Please return every line of the records below that contains the word "once".

## DATA IN THIS EXERCISE

*** Block opens ***

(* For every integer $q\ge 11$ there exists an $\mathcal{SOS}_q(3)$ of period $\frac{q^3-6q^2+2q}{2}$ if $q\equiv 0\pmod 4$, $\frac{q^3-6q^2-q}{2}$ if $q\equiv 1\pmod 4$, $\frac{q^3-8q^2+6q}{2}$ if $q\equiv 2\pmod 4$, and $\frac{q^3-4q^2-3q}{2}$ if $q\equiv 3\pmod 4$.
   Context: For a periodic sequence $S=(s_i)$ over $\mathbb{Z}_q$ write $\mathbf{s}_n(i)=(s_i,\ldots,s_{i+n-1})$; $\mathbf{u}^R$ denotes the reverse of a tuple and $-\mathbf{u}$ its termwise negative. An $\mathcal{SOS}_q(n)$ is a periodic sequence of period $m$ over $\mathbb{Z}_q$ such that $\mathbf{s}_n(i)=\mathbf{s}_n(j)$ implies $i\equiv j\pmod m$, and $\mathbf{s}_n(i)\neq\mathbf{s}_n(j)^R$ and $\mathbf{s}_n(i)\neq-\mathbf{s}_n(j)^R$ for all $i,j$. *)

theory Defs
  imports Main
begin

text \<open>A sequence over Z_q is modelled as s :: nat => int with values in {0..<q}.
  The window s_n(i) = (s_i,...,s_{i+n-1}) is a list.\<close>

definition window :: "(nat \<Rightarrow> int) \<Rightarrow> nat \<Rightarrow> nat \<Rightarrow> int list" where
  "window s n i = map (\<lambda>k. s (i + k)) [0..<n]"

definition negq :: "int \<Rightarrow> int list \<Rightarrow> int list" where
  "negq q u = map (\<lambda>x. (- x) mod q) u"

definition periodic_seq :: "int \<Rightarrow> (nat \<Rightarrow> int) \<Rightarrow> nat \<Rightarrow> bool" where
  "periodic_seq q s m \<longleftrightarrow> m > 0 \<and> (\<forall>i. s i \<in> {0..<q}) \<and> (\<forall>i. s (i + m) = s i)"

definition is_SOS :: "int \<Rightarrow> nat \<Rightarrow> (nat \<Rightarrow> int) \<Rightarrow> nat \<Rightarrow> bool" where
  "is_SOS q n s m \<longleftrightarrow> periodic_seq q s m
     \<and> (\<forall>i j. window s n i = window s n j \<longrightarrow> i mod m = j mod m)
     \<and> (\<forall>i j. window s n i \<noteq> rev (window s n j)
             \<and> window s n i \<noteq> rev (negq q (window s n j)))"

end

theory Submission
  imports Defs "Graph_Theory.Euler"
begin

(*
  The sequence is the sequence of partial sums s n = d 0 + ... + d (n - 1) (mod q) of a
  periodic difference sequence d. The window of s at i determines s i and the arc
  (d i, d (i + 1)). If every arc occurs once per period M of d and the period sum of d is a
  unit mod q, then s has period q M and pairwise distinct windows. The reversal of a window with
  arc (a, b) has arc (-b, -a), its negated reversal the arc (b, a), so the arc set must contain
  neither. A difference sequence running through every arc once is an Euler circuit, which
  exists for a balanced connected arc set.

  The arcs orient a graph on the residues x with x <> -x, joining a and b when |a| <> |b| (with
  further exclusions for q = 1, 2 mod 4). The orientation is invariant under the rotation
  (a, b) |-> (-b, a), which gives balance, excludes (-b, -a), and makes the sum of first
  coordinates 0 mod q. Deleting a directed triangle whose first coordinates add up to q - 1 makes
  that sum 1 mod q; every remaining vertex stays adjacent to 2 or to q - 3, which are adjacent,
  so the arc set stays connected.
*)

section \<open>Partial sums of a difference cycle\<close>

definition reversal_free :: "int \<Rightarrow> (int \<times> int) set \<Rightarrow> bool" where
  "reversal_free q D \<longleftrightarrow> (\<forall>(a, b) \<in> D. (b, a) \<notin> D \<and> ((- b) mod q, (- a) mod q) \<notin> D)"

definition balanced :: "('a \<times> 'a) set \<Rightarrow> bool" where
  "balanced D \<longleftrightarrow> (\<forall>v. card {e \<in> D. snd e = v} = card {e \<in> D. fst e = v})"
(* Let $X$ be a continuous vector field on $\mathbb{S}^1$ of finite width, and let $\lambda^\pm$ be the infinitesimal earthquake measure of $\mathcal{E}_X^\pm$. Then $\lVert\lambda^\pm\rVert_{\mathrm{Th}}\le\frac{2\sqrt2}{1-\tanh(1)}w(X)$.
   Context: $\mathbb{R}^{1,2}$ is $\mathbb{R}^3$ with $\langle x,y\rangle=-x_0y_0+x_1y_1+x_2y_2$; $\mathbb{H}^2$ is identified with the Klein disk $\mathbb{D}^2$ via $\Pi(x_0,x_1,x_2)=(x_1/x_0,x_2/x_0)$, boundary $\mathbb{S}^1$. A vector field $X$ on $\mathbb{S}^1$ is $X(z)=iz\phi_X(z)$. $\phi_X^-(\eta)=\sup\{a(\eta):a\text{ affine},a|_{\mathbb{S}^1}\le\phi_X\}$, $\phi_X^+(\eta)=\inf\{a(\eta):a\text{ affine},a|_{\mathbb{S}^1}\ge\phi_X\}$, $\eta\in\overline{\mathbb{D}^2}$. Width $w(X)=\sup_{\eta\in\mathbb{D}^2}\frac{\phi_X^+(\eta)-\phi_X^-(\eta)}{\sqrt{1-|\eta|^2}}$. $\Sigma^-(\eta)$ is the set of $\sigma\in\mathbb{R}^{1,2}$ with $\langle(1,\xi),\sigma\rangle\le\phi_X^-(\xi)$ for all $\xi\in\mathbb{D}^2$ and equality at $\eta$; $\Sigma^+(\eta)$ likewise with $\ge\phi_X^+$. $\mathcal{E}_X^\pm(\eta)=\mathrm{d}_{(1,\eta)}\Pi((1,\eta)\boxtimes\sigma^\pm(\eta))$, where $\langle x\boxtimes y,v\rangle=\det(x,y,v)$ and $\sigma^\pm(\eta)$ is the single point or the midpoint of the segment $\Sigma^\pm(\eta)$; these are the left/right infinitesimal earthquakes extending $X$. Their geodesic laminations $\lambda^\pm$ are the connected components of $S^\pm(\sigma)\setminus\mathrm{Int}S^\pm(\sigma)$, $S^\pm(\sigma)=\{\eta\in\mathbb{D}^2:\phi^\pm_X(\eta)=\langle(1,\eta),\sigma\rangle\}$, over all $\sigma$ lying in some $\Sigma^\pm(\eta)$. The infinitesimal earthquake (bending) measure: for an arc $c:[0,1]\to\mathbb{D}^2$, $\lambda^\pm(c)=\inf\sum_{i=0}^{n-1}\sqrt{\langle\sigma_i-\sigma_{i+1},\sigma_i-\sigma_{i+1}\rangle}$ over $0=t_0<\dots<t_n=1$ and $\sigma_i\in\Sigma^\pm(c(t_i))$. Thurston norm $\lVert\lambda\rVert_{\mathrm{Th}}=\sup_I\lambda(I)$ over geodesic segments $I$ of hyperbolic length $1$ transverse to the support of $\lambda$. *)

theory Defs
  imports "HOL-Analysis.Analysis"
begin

*** Block closes ***

## RESPONSE AREA
  (d i, d (i + 1)). If every arc occurs once per period M of d and the period sum of d is a
  neither. A difference sequence running through every arc once is an Euler circuit, which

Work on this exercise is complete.